### How to complete this task
Copy out all the lines of the data that hold the word "intro".

[Stored data]
___

lemma nn_integral_quadrant_density_sum:
  "(\<integral>\<^sup>+p. quadrant_density p * ennreal (psi (fst p + snd p)) \<partial>(lborel \<Otimes>\<^sub>M lborel))
     = (\<integral>\<^sup>+t. ennreal (t * psi t * psi'' t) * indicator {0..} t \<partial>lborel)"
proof -
  define h where "h x t = indicator {0<..} x * of_bool (x < t) * ennreal (psi t * psi'' t)" for x t :: real
  have [measurable]: "case_prod h \<in> borel_measurable (lborel \<Otimes>\<^sub>M lborel)"
    unfolding h_def by measurable
  have "(\<integral>\<^sup>+p. quadrant_density p * ennreal (psi (fst p + snd p)) \<partial>(lborel \<Otimes>\<^sub>M lborel))
      = (\<integral>\<^sup>+x. \<integral>\<^sup>+y. h x (x + y) \<partial>lborel \<partial>lborel)"
    by (subst lborel.nn_integral_fst[symmetric])
       (auto intro!: nn_integral_cong simp: quadrant_density_def h_def indicator_def
          ennreal_mult' less_imp_le[OF psi_pos] mult_ac)
  also have "\<dots> = (\<integral>\<^sup>+x. \<integral>\<^sup>+t. h x t \<partial>lborel \<partial>lborel)"
    using nn_integral_real_affine[where c = 1] by simp
  also have "\<dots> = (\<integral>\<^sup>+t. \<integral>\<^sup>+x. h x t \<partial>lborel \<partial>lborel)"
    by (rule lborel_pair.Fubini'[symmetric]) measurable
  also have "\<dots> = (\<integral>\<^sup>+t. ennreal (t * psi t * psi'' t) * indicator {0..} t \<partial>lborel)"
  proof (rule nn_integral_cong)
    fix t :: real
    have "(\<integral>\<^sup>+x. h x t \<partial>lborel) = ennreal (psi t * psi'' t) * emeasure lborel {0<..<t}"
      by (subst nn_integral_cmult_indicator[symmetric]) (auto intro!: nn_integral_cong simp: h_def indicator_def)
    also have "\<dots> = ennreal (t * psi t * psi'' t) * indicator {0..} t"
      using psi_pos[of t] psi''_nonneg[of t]
      by (cases "t > 0") (auto simp: ennreal_mult'' mult_ac indicator_def)
    finally show "(\<integral>\<^sup>+x. h x t \<partial>lborel) = ennreal (t * psi t * psi'' t) * indicator {0..} t" .
  qed
  finally show ?thesis .
qed

definition "w = 2 * lam / mu"

lemma w_pos: "w > 0"
  using lam_pos mu_pos by (simp add: w_def)

definition "moment_integrand s = (lam * s + mu - lam / s - mu / s\<^sup>2) * exp (- w * (s - 1)) / kappa"

lemma borel_measurable_moment_integrand [measurable]: "moment_integrand \<in> borel_measurable borel"
  unfolding moment_integrand_def[abs_def] by measurable

lemma moment_integrand_nonneg: "s \<ge> 1 \<Longrightarrow> moment_integrand s \<ge> 0"
proof -
  assume "s \<ge> 1"
  moreover have "s\<^sup>2 \<ge> 1" using \<open>s \<ge> 1\<close> by (simp add: one_le_power)
  ultimately have "lam / s \<le> lam * s" "mu / s\<^sup>2 \<le> mu"
    using lam_pos mu_pos by (auto simp: field_simps power2_eq_square)
  then show ?thesis
    using kappa_pos by (simp add: moment_integrand_def)
qed

lemma nn_integral_moment_substitution:
  "(\<integral>\<^sup>+t. ennreal (t * psi t * psi'' t) * indicator {0..} t \<partial>lborel)
     = (\<integral>\<^sup>+s. ennreal (moment_integrand s) * indicator {1..} s \<partial>lborel)"
proof -
  define g where "g s = (s\<^sup>2 - 1) / kappa" for s :: real
  have "(\<integral>\<^sup>+t. ennreal (t * psi t * psi'' t) * indicator {g 1..} t \<partial>lborel)
     = (\<integral>\<^sup>+s. ennreal (g s * psi (g s) * psi'' (g s) * (2 * s / kappa)) * indicator {1..} s \<partial>lborel)"
    using kappa_pos unfolding g_def
    by (intro nn_integral_substitution_atLeast)
       (auto intro!: derivative_eq_intros continuous_intros, real_asymp)
  also have "\<dots> = (\<integral>\<^sup>+s. ennreal (moment_integrand s) * indicator {1..} s \<partial>lborel)"
  proof (intro nn_integral_cong)
    fix s :: real
    have "g s * psi (g s) * psi'' (g s) * (2 * s / kappa) = moment_integrand s" if "s \<ge> 1"
    proof -
      define P where "P = psi (g s)"
      have rad: "rad (g s) = s" using kappa_pos that by (simp add: g_def rad_def)
      have sq: "P * P = exp (- w * (s - 1))"
        using mu_pos by (simp add: P_def psi_def rad w_def exp_add[symmetric] field_simps)
      have "2 * mu\<^sup>2 = lam * kappa" using lam_pos by (simp add: kappa_def)
      then show ?thesis
        using that kappa_pos unfolding psi''_def rad P_def[symmetric] moment_integrand_def sq[symmetric]
        unfolding g_def by (simp add: field_simps power2_eq_square power3_eq_cube)
    qed
    then show "ennreal (g s * psi (g s) * psi'' (g s) * (2 * s / kappa)) * indicator {1..} s
        = ennreal (moment_integrand s) * indicator {1..} s"
      by (simp split: split_indicator)
  qed
  finally show ?thesis by (simp add: g_def)
qed

definition "moment_elementary s = exp (- w * s) * (lam * s + mu + lam - 2 * lam / s - mu / s\<^sup>2)"

lemma borel_measurable_moment_elementary [measurable]: "moment_elementary \<in> borel_measurable borel"
  unfolding moment_elementary_def[abs_def] by measurable

lemma moment_elementary_nonneg: "s \<ge> 1 \<Longrightarrow> moment_elementary s \<ge> 0"
proof -
  assume "s \<ge> 1"
  moreover have "s\<^sup>2 \<ge> 1" using \<open>s \<ge> 1\<close> by (simp add: one_le_power)
  ultimately have "lam / s \<le> lam" "lam / s \<le> lam * s" "mu / s\<^sup>2 \<le> mu"
    using lam_pos mu_pos by (auto simp: field_simps power2_eq_square)
  then show ?thesis by (simp add: moment_elementary_def)
qed

lemma nn_integral_moment_elementary:
  "(\<integral>\<^sup>+s. ennreal (moment_elementary s) * indicator {1..} s \<partial>lborel) = ennreal (3 * mu\<^sup>2 / (4 * lam) * exp (- w))"
proof -
  define F where "F s = - exp (- w * s) * ((lam * s + mu) / w + lam / w\<^sup>2 + lam / w - mu / s)" for s
  have "(\<integral>\<^sup>+s. ennreal (moment_elementary s) * indicator {1..} s \<partial>lborel) = 0 - F 1"
  proof (rule nn_integral_FTC_atLeast)
    fix s :: real assume "1 \<le> s"
    have "(F has_real_derivative exp (- w * s) * (w * ((lam * s + mu) / w + lam / w\<^sup>2 + lam / w - mu / s)
        - (lam / w + mu / s\<^sup>2))) (at s)"
      unfolding F_def[abs_def] using \<open>1 \<le> s\<close> w_pos
      by (auto intro!: derivative_eq_intros simp: field_simps power2_eq_square)
    moreover have "w * ((lam * s + mu) / w + lam / w\<^sup>2 + lam / w - mu / s) - (lam / w + mu / s\<^sup>2)
        = lam * s + mu + lam - mu * w / s - mu / s\<^sup>2"
      using w_pos \<open>1 \<le> s\<close> by (simp add: field_simps power2_eq_square)
    moreover have "mu * w = 2 * lam" using mu_pos by (simp add: w_def)
    ultimately show "(F has_real_derivative moment_elementary s) (at s)"
      by (simp add: moment_elementary_def)
    show "0 \<le> moment_elementary s" using \<open>1 \<le> s\<close> by (rule moment_elementary_nonneg)
  next
    show "(F \<longlongrightarrow> 0) at_top" unfolding F_def using w_pos by real_asymp
  qed measurable
  moreover have "- F 1 = 3 * mu\<^sup>2 / (4 * lam) * exp (- w)"
    using lam_pos mu_pos unfolding F_def w_def by (simp add: field_simps power2_eq_square)
  ultimately show ?thesis by simp
qed
(* For every smooth $\mathfrak{g}$-valued section $\varphi$ of $\Lambda^2_+\mathbb{R}^8$ on $\mathbb{R}^8$, \[\mathbb{L}_B\mathbb{L}_B^*\varphi = \nabla_B^*\nabla_B\varphi - 2\sum_{k,l=1}^4 e_k^\perp \wedge [F_B(e_k^\perp,e_l^\perp), i_{e_l^\perp}\varphi].\]
   Context: Write $\mathbb{R}^8 = E \oplus E^\perp$ with orthonormal basis $e_1,\dots,e_4$ of $E$ and $e_1^\perp,\dots,e_4^\perp$ of $E^\perp$; vectors are identified with covectors via the Euclidean metric; coordinates $(x,y)$, $x\in E$, $y=\sum_k y_k e_k^\perp$. The $4$-form $\Omega$ is $\Omega = -e_1 e_2 e_1^\perp e_2^\perp - e_1 e_2 e_3^\perp e_4^\perp - e_3 e_4 e_1^\perp e_2^\perp - e_3 e_4 e_3^\perp e_4^\perp + e_1 e_3 e_2^\perp e_4^\perp - e_1 e_3 e_1^\perp e_3^\perp - e_2 e_4 e_2^\perp e_4^\perp + e_2 e_4 e_1^\perp e_3^\perp - e_1 e_4 e_2^\perp e_3^\perp - e_1 e_4 e_1^\perp e_4^\perp - e_2 e_3 e_2^\perp e_3^\perp - e_2 e_3 e_1^\perp e_4^\perp + e_1 e_2 e_3 e_4 + e_1^\perp e_2^\perp e_3^\perp e_4^\perp$ (juxtaposition = wedge). With $*$ the Euclidean Hodge star (orientation $e_1\wedge\dots\wedge e_4\wedge e_1^\perp\wedge\dots\wedge e_4^\perp$), $\Lambda^2_+\mathbb{R}^8 = \{\varphi: 3\varphi - *(\Omega\wedge\varphi)=0\}$ and $P_+\varphi=\frac14(\varphi+*(\Omega\wedge\varphi))$ is the projection onto it. $\mathfrak{g}\subset\mathfrak{so}(E^\perp)$ is spanned by $\mathfrak{i},\mathfrak{j},\mathfrak{k}$ with $\mathfrak{i}(e_1^\perp)=-e_2^\perp, \mathfrak{i}(e_2^\perp)=e_1^\perp, \mathfrak{i}(e_3^\perp)=e_4^\perp, \mathfrak{i}(e_4^\perp)=-e_3^\perp$; $\mathfrak{j}(e_1^\perp)=-e_3^\perp, \mathfrak{j}(e_2^\perp)=-e_4^\perp, \mathfrak{j}(e_3^\perp)=e_1^\perp, \mathfrak{j}(e_4^\perp)=e_2^\perp$; $\mathfrak{k}(e_1^\perp)=-e_4^\perp, \mathfrak{k}(e_2^\perp)=e_3^\perp, \mathfrak{k}(e_3^\perp)=-e_2^\perp, \mathfrak{k}(e_4^\perp)=e_1^\perp$; fix an $\mathrm{ad}$-invariant inner product on $\mathfrak{g}$. Fix $\varepsilon>0$; $B$ is the $\mathfrak{g}$-valued $1$-form with $B(e_i)=0$ ($1\le i\le4$), $B(e_1^\perp)=\frac{-y_2\mathfrak{i}-y_3\mathfrak{j}-y_4\mathfrak{k}}{\varepsilon^2+|y|^2}$, $B(e_2^\perp)=\frac{y_1\mathfrak{i}-y_4\mathfrak{j}+y_3\mathfrak{k}}{\varepsilon^2+|y|^2}$, $B(e_3^\perp)=\frac{y_4\mathfrak{i}+y_1\mathfrak{j}-y_2\mathfrak{k}}{\varepsilon^2+|y|^2}$, $B(e_4^\perp)=\frac{-y_3\mathfrak{i}+y_2\mathfrak{j}+y_1\mathfrak{k}}{\varepsilon^2+|y|^2}$. On $\mathfrak{g}$-valued forms, $D_B\omega = d\omega + [B\wedge\omega]$ is the exterior covariant derivative, $D_B^*$ its formal $L^2$-adjoint, $F_B=dB+\frac12[B\wedge B]$ the curvature, $\nabla_B$ the covariant derivative induced by the flat Euclidean connection and $\mathrm{ad}(B)$, and $\nabla_B^*\nabla_B$ the associated rough Laplacian. The linearized operator is $\mathbb{L}_B a = 2P_+D_Ba$ (from $\mathfrak{g}$-valued $1$-forms to $\mathfrak{g}$-valued sections of $\Lambda^2_+$), and $\mathbb{L}_B^*\varphi = 2D_B^*\varphi$. *)

theory Defs
  imports "HOL-Analysis.Analysis"
begin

___

### Answer to this task
       (auto intro!: nn_integral_cong simp: quadrant_density_def h_def indicator_def
      by (subst nn_integral_cmult_indicator[symmetric]) (auto intro!: nn_integral_cong simp: h_def indicator_def)
    by (intro nn_integral_substitution_atLeast)
       (auto intro!: derivative_eq_intros continuous_intros, real_asymp)
  proof (intro nn_integral_cong)
      by (auto intro!: derivative_eq_intros simp: field_simps power2_eq_square)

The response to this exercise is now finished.